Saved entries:
______

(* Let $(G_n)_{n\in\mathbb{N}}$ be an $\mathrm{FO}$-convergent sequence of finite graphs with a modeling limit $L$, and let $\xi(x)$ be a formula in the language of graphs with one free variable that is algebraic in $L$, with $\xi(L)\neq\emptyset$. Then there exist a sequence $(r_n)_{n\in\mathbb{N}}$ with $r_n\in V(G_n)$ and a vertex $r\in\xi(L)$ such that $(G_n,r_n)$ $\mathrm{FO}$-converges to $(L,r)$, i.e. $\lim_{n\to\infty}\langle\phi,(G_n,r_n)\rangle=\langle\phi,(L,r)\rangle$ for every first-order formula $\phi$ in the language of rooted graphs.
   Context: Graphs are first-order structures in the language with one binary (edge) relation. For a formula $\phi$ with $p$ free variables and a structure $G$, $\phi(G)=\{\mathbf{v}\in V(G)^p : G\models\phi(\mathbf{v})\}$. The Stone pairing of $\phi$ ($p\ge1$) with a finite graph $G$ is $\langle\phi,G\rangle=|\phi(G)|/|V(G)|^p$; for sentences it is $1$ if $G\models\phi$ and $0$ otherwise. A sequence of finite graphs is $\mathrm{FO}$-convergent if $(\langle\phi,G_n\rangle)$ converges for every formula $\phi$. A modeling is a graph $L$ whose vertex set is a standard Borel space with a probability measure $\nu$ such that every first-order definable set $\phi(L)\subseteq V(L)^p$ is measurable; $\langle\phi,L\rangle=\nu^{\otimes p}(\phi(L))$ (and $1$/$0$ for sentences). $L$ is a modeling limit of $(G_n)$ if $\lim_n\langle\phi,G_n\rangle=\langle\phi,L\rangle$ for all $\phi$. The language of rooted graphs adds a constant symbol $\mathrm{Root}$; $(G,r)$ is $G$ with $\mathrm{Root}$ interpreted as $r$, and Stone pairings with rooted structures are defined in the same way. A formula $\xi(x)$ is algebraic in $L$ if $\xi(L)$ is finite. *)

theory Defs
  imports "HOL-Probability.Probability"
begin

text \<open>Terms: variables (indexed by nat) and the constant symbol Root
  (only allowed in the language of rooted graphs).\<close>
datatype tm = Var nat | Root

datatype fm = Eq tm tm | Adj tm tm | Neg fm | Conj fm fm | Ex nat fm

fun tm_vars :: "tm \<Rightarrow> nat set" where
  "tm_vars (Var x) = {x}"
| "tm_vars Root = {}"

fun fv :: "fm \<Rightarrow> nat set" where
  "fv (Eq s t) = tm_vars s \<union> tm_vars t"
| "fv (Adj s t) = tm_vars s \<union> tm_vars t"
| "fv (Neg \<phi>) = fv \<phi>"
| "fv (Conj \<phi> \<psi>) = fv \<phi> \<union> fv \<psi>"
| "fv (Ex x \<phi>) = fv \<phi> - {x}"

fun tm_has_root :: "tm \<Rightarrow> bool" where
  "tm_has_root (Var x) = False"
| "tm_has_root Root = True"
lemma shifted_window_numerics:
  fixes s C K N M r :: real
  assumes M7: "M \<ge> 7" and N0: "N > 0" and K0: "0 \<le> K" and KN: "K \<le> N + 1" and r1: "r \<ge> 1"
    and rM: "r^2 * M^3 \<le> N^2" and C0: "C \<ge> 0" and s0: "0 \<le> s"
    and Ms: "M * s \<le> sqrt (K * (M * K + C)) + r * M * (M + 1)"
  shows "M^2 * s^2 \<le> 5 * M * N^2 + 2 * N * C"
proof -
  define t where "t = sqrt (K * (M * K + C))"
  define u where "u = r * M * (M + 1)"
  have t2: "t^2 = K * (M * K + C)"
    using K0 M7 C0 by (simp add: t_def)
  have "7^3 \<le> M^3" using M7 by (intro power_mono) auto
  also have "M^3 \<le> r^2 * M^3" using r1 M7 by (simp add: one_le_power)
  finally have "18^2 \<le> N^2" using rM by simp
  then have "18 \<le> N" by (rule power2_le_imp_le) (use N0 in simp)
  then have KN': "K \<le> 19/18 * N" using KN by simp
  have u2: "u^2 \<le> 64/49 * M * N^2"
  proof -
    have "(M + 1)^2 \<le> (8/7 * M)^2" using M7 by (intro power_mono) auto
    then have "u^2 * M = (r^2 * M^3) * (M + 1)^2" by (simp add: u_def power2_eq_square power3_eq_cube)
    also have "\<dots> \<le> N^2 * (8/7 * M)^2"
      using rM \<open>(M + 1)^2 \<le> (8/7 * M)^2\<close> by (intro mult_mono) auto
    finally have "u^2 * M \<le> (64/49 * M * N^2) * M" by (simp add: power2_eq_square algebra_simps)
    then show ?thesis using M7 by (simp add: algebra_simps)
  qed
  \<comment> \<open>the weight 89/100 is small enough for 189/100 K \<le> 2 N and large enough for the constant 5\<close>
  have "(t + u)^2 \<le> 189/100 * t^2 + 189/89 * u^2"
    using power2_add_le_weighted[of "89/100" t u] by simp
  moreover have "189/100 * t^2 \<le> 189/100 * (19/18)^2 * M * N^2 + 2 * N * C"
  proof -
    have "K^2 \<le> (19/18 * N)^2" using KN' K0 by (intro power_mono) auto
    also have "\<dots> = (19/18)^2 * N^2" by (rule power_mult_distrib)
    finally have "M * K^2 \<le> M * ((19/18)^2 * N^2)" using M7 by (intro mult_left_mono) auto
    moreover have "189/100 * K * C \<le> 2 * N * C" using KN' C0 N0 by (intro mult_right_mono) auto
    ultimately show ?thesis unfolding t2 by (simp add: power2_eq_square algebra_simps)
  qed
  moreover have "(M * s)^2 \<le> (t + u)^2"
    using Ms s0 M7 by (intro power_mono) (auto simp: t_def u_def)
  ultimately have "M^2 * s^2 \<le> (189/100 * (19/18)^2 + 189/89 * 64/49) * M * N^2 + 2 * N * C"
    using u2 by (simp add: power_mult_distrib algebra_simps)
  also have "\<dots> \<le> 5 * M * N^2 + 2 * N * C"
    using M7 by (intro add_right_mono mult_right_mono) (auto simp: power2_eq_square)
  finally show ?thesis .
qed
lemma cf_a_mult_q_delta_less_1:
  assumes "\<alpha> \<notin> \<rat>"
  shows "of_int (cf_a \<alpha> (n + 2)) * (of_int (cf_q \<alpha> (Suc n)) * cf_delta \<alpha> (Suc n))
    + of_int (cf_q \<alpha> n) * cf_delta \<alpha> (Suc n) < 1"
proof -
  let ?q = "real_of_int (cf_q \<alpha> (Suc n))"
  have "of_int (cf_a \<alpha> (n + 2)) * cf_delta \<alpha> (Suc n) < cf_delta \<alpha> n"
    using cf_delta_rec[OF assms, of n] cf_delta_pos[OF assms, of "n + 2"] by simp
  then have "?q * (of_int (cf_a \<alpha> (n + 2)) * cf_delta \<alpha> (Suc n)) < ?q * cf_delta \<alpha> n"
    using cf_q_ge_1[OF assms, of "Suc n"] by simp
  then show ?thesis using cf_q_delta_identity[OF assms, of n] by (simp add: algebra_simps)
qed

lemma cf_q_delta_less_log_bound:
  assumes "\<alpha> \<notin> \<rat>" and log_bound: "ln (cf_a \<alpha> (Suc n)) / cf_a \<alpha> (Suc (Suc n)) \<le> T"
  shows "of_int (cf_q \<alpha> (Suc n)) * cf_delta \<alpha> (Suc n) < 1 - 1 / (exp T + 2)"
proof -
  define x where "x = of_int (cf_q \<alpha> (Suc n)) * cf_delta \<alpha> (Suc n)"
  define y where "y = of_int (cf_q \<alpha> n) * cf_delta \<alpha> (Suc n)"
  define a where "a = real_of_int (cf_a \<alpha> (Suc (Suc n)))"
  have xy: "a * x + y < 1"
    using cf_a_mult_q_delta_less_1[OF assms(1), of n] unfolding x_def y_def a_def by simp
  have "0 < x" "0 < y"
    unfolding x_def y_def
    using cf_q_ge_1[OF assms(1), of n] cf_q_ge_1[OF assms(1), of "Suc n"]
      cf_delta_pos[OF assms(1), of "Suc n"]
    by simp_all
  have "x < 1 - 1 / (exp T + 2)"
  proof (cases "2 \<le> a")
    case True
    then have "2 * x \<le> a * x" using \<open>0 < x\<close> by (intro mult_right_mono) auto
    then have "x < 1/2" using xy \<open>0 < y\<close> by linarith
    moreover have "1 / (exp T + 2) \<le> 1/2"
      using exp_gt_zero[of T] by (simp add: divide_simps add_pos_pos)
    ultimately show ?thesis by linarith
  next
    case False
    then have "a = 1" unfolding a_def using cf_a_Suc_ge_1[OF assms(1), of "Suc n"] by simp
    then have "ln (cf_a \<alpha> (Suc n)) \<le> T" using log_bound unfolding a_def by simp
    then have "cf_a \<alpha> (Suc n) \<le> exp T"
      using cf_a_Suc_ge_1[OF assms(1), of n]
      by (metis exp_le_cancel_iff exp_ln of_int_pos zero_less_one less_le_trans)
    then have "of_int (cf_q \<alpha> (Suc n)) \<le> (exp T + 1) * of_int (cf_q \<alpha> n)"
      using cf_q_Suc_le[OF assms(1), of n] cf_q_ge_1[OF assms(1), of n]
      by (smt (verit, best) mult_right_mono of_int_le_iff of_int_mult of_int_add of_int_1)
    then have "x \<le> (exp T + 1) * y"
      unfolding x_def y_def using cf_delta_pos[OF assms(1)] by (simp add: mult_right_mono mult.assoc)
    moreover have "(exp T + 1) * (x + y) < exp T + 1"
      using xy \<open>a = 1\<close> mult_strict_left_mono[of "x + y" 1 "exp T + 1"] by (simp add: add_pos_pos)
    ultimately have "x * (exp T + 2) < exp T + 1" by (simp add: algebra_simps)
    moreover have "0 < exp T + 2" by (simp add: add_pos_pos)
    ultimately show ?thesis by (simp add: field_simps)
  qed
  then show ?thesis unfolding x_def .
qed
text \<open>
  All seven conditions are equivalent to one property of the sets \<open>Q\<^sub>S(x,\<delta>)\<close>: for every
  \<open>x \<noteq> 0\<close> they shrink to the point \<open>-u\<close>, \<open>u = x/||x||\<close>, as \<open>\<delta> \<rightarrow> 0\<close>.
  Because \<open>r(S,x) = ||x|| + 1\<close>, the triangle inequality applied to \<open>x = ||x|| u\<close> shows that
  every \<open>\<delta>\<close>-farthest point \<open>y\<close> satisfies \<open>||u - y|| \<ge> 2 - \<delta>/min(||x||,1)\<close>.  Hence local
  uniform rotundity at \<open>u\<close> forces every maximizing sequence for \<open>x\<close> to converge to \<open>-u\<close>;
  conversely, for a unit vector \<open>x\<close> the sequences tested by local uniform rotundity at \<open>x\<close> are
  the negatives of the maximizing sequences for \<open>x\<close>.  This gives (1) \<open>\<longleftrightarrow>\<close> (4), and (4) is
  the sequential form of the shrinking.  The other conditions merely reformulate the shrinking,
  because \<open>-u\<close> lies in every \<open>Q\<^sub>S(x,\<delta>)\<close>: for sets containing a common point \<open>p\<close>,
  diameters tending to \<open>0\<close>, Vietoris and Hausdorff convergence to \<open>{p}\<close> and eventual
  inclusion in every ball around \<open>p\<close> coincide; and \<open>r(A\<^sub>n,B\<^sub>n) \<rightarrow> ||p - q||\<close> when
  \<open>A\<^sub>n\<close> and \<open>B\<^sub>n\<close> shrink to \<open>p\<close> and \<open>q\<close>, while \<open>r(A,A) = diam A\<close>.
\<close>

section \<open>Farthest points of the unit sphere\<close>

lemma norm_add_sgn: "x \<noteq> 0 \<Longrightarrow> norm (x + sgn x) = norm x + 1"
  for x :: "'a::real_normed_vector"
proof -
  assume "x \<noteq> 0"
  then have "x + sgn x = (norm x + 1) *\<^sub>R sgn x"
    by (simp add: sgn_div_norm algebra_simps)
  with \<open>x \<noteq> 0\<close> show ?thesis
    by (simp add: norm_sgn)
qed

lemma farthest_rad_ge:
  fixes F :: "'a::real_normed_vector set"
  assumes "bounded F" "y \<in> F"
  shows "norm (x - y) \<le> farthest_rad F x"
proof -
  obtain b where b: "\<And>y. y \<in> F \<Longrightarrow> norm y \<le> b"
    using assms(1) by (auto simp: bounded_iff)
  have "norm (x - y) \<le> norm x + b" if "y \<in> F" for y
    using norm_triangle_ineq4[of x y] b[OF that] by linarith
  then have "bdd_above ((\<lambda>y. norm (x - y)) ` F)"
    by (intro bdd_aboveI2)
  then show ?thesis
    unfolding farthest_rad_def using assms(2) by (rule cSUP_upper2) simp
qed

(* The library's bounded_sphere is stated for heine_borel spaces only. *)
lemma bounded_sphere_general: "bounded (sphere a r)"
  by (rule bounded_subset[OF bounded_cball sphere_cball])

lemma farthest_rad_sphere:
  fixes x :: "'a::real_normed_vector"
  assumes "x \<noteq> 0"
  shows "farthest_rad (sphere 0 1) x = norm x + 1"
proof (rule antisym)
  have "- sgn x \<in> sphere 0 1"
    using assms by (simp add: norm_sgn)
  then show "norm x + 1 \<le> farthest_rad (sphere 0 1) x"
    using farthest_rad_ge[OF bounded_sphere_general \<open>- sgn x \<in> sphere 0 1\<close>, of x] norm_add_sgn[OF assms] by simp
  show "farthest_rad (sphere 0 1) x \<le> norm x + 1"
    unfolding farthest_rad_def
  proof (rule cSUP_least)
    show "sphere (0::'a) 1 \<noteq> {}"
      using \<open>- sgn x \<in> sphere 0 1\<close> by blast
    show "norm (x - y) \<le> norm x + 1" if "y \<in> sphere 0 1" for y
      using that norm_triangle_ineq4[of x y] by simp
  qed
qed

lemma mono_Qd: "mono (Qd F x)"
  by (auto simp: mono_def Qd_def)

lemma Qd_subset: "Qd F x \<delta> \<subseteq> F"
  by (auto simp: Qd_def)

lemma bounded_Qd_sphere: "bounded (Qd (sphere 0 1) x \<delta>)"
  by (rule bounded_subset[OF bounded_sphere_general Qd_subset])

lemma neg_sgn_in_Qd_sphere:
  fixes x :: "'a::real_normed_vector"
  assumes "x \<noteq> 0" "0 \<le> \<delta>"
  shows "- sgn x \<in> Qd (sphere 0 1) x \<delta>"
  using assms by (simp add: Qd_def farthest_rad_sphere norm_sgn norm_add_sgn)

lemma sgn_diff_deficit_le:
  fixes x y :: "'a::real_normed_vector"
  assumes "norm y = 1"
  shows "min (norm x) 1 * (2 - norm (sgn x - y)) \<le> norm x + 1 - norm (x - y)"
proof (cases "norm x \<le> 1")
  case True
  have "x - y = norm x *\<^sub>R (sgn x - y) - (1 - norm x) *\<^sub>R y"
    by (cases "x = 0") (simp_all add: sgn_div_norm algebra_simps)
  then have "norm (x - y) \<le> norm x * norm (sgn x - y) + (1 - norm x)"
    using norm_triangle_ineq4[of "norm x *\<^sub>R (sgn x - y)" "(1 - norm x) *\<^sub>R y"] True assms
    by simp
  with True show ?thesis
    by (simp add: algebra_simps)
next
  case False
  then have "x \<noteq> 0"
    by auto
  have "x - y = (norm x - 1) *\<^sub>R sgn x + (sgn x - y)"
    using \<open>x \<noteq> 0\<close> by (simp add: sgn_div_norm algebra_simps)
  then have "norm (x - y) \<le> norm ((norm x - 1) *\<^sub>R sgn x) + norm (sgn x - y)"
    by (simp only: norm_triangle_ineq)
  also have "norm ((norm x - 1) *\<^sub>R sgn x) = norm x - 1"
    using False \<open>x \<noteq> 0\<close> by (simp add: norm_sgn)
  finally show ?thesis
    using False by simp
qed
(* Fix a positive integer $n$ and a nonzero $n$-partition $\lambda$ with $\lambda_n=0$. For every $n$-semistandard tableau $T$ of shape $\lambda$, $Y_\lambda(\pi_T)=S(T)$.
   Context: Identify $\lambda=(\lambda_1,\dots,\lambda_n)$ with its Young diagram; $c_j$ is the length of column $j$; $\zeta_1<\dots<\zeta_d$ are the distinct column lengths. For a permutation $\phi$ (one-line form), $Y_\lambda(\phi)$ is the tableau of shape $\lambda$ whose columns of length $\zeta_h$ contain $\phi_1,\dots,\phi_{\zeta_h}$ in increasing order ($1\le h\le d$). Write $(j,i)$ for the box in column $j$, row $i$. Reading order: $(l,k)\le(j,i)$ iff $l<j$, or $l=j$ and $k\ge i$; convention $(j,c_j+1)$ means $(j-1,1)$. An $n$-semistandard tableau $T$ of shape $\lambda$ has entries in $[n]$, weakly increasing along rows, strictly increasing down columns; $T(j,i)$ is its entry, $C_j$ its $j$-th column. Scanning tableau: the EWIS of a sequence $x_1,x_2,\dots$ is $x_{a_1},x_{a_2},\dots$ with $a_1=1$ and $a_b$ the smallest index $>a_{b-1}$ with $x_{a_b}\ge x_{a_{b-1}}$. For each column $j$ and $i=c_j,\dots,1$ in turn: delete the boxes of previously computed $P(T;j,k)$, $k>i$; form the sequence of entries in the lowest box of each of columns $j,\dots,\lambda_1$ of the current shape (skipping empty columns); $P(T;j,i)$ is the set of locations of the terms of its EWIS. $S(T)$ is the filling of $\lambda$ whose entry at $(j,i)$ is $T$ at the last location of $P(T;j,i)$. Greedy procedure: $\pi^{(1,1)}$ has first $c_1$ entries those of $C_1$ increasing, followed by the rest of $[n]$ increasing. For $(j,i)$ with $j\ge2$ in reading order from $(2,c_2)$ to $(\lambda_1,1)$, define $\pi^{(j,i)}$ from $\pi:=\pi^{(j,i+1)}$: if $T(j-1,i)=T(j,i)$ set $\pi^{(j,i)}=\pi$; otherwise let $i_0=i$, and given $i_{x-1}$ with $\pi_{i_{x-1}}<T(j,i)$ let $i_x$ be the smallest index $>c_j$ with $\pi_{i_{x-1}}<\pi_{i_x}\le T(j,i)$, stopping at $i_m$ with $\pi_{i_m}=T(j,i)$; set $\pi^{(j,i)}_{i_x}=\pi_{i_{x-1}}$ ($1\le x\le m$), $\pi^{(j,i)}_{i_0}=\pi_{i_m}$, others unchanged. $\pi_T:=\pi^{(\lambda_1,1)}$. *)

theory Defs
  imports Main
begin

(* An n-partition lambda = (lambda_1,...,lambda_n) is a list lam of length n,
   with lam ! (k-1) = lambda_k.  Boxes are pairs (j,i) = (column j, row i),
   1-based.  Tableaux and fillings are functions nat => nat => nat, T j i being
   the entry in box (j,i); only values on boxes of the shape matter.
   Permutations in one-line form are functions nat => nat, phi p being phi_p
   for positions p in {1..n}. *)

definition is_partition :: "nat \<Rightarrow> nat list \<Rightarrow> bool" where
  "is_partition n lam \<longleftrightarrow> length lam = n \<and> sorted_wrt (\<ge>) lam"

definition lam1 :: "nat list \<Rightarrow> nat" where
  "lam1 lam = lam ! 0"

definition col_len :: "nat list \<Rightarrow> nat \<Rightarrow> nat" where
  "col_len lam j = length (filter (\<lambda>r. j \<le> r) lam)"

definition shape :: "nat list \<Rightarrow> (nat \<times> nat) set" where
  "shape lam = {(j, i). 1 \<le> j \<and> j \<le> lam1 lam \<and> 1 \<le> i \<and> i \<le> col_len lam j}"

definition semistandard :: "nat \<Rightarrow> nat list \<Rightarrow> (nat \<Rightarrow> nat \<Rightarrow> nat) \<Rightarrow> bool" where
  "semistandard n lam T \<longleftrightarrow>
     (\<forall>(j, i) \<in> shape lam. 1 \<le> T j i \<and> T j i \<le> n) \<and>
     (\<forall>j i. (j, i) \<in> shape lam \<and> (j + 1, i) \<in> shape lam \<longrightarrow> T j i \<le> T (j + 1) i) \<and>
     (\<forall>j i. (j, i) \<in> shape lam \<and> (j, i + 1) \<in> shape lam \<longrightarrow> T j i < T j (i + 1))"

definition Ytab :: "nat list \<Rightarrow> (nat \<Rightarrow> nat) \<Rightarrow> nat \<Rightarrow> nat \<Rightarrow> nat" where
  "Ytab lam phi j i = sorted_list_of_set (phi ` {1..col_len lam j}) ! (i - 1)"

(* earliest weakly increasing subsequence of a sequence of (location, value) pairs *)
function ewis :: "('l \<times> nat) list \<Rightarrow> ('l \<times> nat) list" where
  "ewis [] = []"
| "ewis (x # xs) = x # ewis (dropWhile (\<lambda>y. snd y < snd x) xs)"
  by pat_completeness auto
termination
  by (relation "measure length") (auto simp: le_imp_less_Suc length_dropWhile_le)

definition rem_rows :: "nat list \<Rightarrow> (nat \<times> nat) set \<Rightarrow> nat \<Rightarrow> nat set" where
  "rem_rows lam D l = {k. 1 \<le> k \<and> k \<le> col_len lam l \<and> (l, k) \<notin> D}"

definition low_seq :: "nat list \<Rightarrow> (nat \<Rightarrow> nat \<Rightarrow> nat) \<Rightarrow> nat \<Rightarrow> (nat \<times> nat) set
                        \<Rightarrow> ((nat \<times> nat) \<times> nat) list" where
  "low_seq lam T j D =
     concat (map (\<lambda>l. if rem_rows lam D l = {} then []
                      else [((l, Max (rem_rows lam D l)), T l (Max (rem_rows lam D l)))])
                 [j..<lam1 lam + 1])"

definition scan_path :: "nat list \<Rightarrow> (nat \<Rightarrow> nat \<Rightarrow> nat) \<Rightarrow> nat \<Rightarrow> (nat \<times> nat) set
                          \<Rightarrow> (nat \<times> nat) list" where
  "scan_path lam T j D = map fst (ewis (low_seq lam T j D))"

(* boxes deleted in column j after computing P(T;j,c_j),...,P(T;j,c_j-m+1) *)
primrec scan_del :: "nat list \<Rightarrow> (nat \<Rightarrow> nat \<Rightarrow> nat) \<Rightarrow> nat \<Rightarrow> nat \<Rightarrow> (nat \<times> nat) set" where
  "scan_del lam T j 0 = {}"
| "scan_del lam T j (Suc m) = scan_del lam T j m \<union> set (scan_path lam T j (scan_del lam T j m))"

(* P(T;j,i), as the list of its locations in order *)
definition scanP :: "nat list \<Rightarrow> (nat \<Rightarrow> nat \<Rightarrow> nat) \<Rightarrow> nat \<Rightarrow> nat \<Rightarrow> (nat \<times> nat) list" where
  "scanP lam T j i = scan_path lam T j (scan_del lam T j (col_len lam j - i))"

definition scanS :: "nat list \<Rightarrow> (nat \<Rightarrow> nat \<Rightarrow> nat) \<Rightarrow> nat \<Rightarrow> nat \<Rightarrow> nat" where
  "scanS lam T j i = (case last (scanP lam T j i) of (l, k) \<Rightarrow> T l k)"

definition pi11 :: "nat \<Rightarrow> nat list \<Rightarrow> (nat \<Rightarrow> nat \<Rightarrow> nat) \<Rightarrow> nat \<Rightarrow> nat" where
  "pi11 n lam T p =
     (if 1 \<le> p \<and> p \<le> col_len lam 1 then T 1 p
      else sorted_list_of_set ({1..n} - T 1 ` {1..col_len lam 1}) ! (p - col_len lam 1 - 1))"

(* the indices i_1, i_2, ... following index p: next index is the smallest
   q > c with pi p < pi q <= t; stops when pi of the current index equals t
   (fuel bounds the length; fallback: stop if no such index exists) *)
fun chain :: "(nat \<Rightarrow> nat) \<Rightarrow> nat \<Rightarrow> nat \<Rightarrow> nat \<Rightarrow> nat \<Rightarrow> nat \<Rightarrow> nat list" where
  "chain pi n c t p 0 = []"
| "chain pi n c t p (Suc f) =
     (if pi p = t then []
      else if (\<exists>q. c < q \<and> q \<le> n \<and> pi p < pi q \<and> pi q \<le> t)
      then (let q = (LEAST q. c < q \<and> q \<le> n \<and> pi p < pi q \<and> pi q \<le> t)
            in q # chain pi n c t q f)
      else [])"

______

[WORK ORDER] Which lines of the data above contain the string "local"? Copy each of them.

[EXPECTED ANSWER]
  every \<open>\<delta>\<close>-farthest point \<open>y\<close> satisfies \<open>||u - y|| \<ge> 2 - \<delta>/min(||x||,1)\<close>.  Hence local
  conversely, for a unit vector \<open>x\<close> the sequences tested by local uniform rotundity at \<open>x\<close> are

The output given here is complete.